Upon their return to the Colonies in 1726, Denham employs Franklin as a clerk and bookkeeper in his newly opened shop (where the two also lived together), which was likely located at the current day address of 39 South Front Street, Philadelphia, Pennsylvania.

==Literary significance==
Besides Franklin himself, Denham is one of the most principled characters introduced in Franklin's autobiography. As such, Denham plays a part in an emotional loss for Franklin, as well as helping facilitate the moral and psychological growth of the protagonist from youth to young adulthood, seeking virtue and fortune in the world. Many elements of the biography are familiar to the bildungsroman, or coming-of-age story (a genre characterized by a number of formal, topical, and thematic features). In a Bildungsroman, the protagonist overcomes some emotional loss with difficulty, and gradually reaches maturity and respectability as they accept, and are accepted by, society. For example, Denham is esteemed for his loyalty, embodiment of Quaker sensibilities, and financial thrift. He is held in high regard to Franklin as an example of an honorable man that has also overcome "errata" in his past.

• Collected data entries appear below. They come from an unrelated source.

lemma controller_realizes_arx:
  fixes \<xi> u y :: "nat \<Rightarrow> real vec"
  assumes L: "0 < L" and K: "K \<in> carrier_mat m (L * (m + r))"
    and \<xi>: "\<And>t. \<xi> t \<in> carrier_vec (L * m)" and y: "\<And>t. y t \<in> carrier_vec r"
    and \<xi>_dyn: "\<And>t. \<xi> (Suc t) = Xi_mat L m K *\<^sub>v \<xi> t + Lambda_mat L m r K *\<^sub>v y t"
    and u_out: "\<And>t. u t = Omega_mat L m *\<^sub>v \<xi> t"
    and t: "L \<le> t"
  shows "u t = K *\<^sub>v ioh L m r u y t"
proof (rule eq_vecI)
  have u: "u s \<in> carrier_vec m" for s
    unfolding u_out by (rule mult_mat_vec_carrier[OF Omega_mat_carrier \<xi>])
  fix e assume "e < dim_vec (K *\<^sub>v ioh L m r u y t)"
  then have e: "e < m" using K by simp
  have "u t $ e = \<xi> t $ ((L - 1) * m + e)"
    unfolding u_out by (rule Omega_mat_mult_vec_index[OF L \<xi> e])
  also have "\<dots> = (\<Sum>i \<le> L - 1. arx_term L m r K i (u (t - 1 - (L - 1) + i)) (y (t - 1 - (L - 1) + i)) $ e)"
    using L t by (intro controller_state_entry[where \<xi> = \<xi> and u = u and y = y, OF L \<xi> y \<xi>_dyn u_out _ e]) auto
  also have "\<dots> = (\<Sum>i < L. arx_term L m r K i (u (t - L + i)) (y (t - L + i)) $ e)"
  proof -
    have "{..L - 1} = {..<L}" and "t - 1 - (L - 1) = t - L" using L t by auto
    then show ?thesis by simp
  qed
  also have "\<dots> = (K *\<^sub>v ioh L m r u y t) $ e"
    by (rule mult_ioh_index[OF K u y e, symmetric])
  finally show "u t $ e = (K *\<^sub>v ioh L m r u y t) $ e" .
qed (use K in \<open>simp add: u_out Omega_mat_def\<close>)

lemma Xi_mat_free_response:
  assumes L: "0 < L" and v: "v \<in> carrier_vec (L * m)"
    and silent: "\<And>s. s < L \<Longrightarrow> Omega_mat L m *\<^sub>v (Xi_mat L m K ^\<^sub>m s *\<^sub>v v) = 0\<^sub>v m"
    and s: "s \<le> j" and j: "j < L" and e: "e < m"
  shows "(Xi_mat L m K ^\<^sub>m s *\<^sub>v v) $ (j * m + e) = v $ ((j - s) * m + e)"
  using s j
proof (induction s arbitrary: j)
  case (Suc s)
  let ?Xi = "Xi_mat L m K" and ?La = "Lambda_mat L m r K"
  obtain i where j: "j = Suc i" and s: "s \<le> i" using Suc.prems by (cases j) auto
  have \<xi>: "?Xi ^\<^sub>m s *\<^sub>v v \<in> carrier_vec (L * m)"
    by (rule mult_mat_vec_carrier[OF pow_carrier_mat[OF Xi_mat_carrier] v])
  have "?La *\<^sub>v 0\<^sub>v r = 0\<^sub>v (L * m)"
    using Lambda_mat_carrier[of L m r K] by (intro eq_vecI) auto
  moreover have "?Xi ^\<^sub>m Suc s *\<^sub>v v = ?Xi *\<^sub>v (?Xi ^\<^sub>m s *\<^sub>v v)"
    by (simp only: pow_mat_Suc_left[OF Xi_mat_carrier]
        assoc_mult_mat_vec[OF Xi_mat_carrier pow_carrier_mat[OF Xi_mat_carrier] v])
  ultimately have step: "?Xi ^\<^sub>m Suc s *\<^sub>v v = ?Xi *\<^sub>v (?Xi ^\<^sub>m s *\<^sub>v v) + ?La *\<^sub>v 0\<^sub>v r"
    using mult_mat_vec_carrier[OF Xi_mat_carrier \<xi>] by simp
  have "arx_term L m r K j (0\<^sub>v m) (0\<^sub>v r) $ e = 0"
    using e by (simp add: arx_term_def K_A_def K_B_def)
  then have "(?Xi ^\<^sub>m Suc s *\<^sub>v v) $ (j * m + e) = (?Xi ^\<^sub>m s *\<^sub>v v) $ (i * m + e)"
    using controller_step_entry[OF L \<xi> zero_carrier_vec Suc.prems(2) e] silent[of s] Suc.prems
    unfolding step j by simp
  then show ?case using Suc.IH[of i] Suc.prems s j by simp
qed (use v in \<open>simp add: Xi_mat_def\<close>)

lemma controller_obs_mat_kernel:
  assumes L: "0 < L" and v: "v \<in> carrier_vec (L * m)"
    and Ov: "obs_mat L (Omega_mat L m) (Xi_mat L m K) *\<^sub>v v = 0\<^sub>v (L * m)"
  shows "v = 0\<^sub>v (L * m)"
proof -
  let ?Xi = "Xi_mat L m K" and ?Om = "Omega_mat L m"
  have silent: "?Om *\<^sub>v (?Xi ^\<^sub>m s *\<^sub>v v) = 0\<^sub>v m" if "s < L" for s
  proof -
    have "stack L m (\<lambda>l. ?Om * ?Xi ^\<^sub>m l *\<^sub>v v) = stack L m (\<lambda>_. 0\<^sub>v m)"
      using Ov obs_mat_mult_vec[OF Xi_mat_carrier Omega_mat_carrier v] by (simp add: stack_zero)
    then have "?Om * ?Xi ^\<^sub>m s *\<^sub>v v = 0\<^sub>v m"
      using mult_mat_vec_carrier[OF mult_carrier_mat[OF Omega_mat_carrier pow_carrier_mat[OF Xi_mat_carrier]] v]
      by (elim stack_eqD[OF _ that]) simp_all
    then show ?thesis
      using assoc_mult_mat_vec[OF Omega_mat_carrier pow_carrier_mat[OF Xi_mat_carrier] v] by simp
  qed
  show ?thesis
  proof (rule eq_vecI)
    fix a assume "a < dim_vec (0\<^sub>v (L * m))"
    then obtain j e where j: "j < L" and e: "e < m" and a: "a = j * m + e" by (auto elim: block_indexE)
    \<comment> \<open>The output at time L - 1 - j reads block j of v.\<close>
    have "v $ a = (?Xi ^\<^sub>m (L - 1 - j) *\<^sub>v v) $ ((L - 1) * m + e)"
      using Xi_mat_free_response[OF L v silent, of "L - 1 - j" "L - 1" e] j e a by simp
    also have "\<dots> = (?Om *\<^sub>v (?Xi ^\<^sub>m (L - 1 - j) *\<^sub>v v)) $ e"
      by (rule Omega_mat_mult_vec_index[OF L mult_mat_vec_carrier[OF pow_carrier_mat[OF Xi_mat_carrier] v] e, symmetric])
    finally show "v $ a = 0\<^sub>v (L * m) $ a"
      using silent[of "L - 1 - j"] L e a j block_index_less by (simp del: index_mult_mat_vec)
  qed (use v in simp)
qed

lemma controller_obs_mat_inverse:
  assumes L: "0 < L" and w: "w \<in> carrier_vec (L * m)"
  shows "the (mat_inverse (obs_mat L (Omega_mat L m) (Xi_mat L m K))) *\<^sub>v w \<in> carrier_vec (L * m)"
    and "obs_mat L (Omega_mat L m) (Xi_mat L m K)
           *\<^sub>v (the (mat_inverse (obs_mat L (Omega_mat L m) (Xi_mat L m K))) *\<^sub>v w) = w"
proof -
  let ?O = "obs_mat L (Omega_mat L m) (Xi_mat L m K)"
  have O: "?O \<in> carrier_mat (L * m) (L * m)" by (rule obs_mat_carrier[OF Omega_mat_carrier])
  obtain Q where "mat_inverse ?O = Some Q" and OQ: "?O * Q = 1\<^sub>m (L * m)" and Q: "Q \<in> carrier_mat (L * m) (L * m)"
    using mat_inverse_if_kernel_trivial[OF O controller_obs_mat_kernel[where K = K, OF L]] by blast
  then show "the (mat_inverse ?O) *\<^sub>v w \<in> carrier_vec (L * m)"
    and "?O *\<^sub>v (the (mat_inverse ?O) *\<^sub>v w) = w"
    using w O by (simp_all flip: assoc_mult_mat_vec[OF O Q w])
qed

Franklin reveals that Denham was at one time a merchant in Bristol, England, but after failing in business there, and falling badly in debt, he migrated to America where he was able to make his fortune. Although his life in America may have meant that he had escaped his creditors, he returns to England and repays his creditors in an unusual manner that impresses Franklin:

There, by a close application to business as a merchant, he [Denham] acquired a plentiful fortune in a few years. Returning to England in the ship with me, he invited his old creditors to an entertainment, at which he thanked them for the easy composition they had favored him with, and, when they expected nothing but the treat, every man at the first remove found under his plate an order on a banker for the full amount of the unpaid remainder with interest.

During their time in England, Denham shows candor by telling Franklin rightly that Governor Keith had betrayed him and thus stranded him in England. Denham's initial kindness to Franklin is further cemented as permanent loyalty after Franklin helps him thwart a plot against one of his friends, Andrew Hamilton, the prominent Philadelphia lawyer. Denham encourages Franklin to find employment and save money so that they may return to America together. Upon returning to Philadelphia, Franklin works and lives with Denham until Denham's death in 1727, when Franklin again takes up his printing trade. Franklin describes the loss of Denham as follows:

Mr. Denham took a store in Water-street, where we opened our goods; I attended the business diligently, studied accounts, and grew, in a little time, expert at selling. We lodged and boarded together; he counseled me as a father, having sincere regard for me. I respected and loved him, and we might have gone on together very happy, but, in the beginning of February, 1726/7, when I had just pass'd my twenty-first year, we both were taken ill. My distemper was a pleurisy, which very nearly carried me off. I suffered a good deal, gave up the point in my own mind, and was rather disappointed when I found myself recovering, regretting, in some degree, that I must now, some time or other, have all that disagreeable work to do over again. I forget what his distemper was; it held him a long time, and at length carried him off. He left me a small legacy in a nuncupative will, as a token of his kindness for me, and he left me once more to the wide world; for the store was taken into the care of his executors, and my employment under him ended.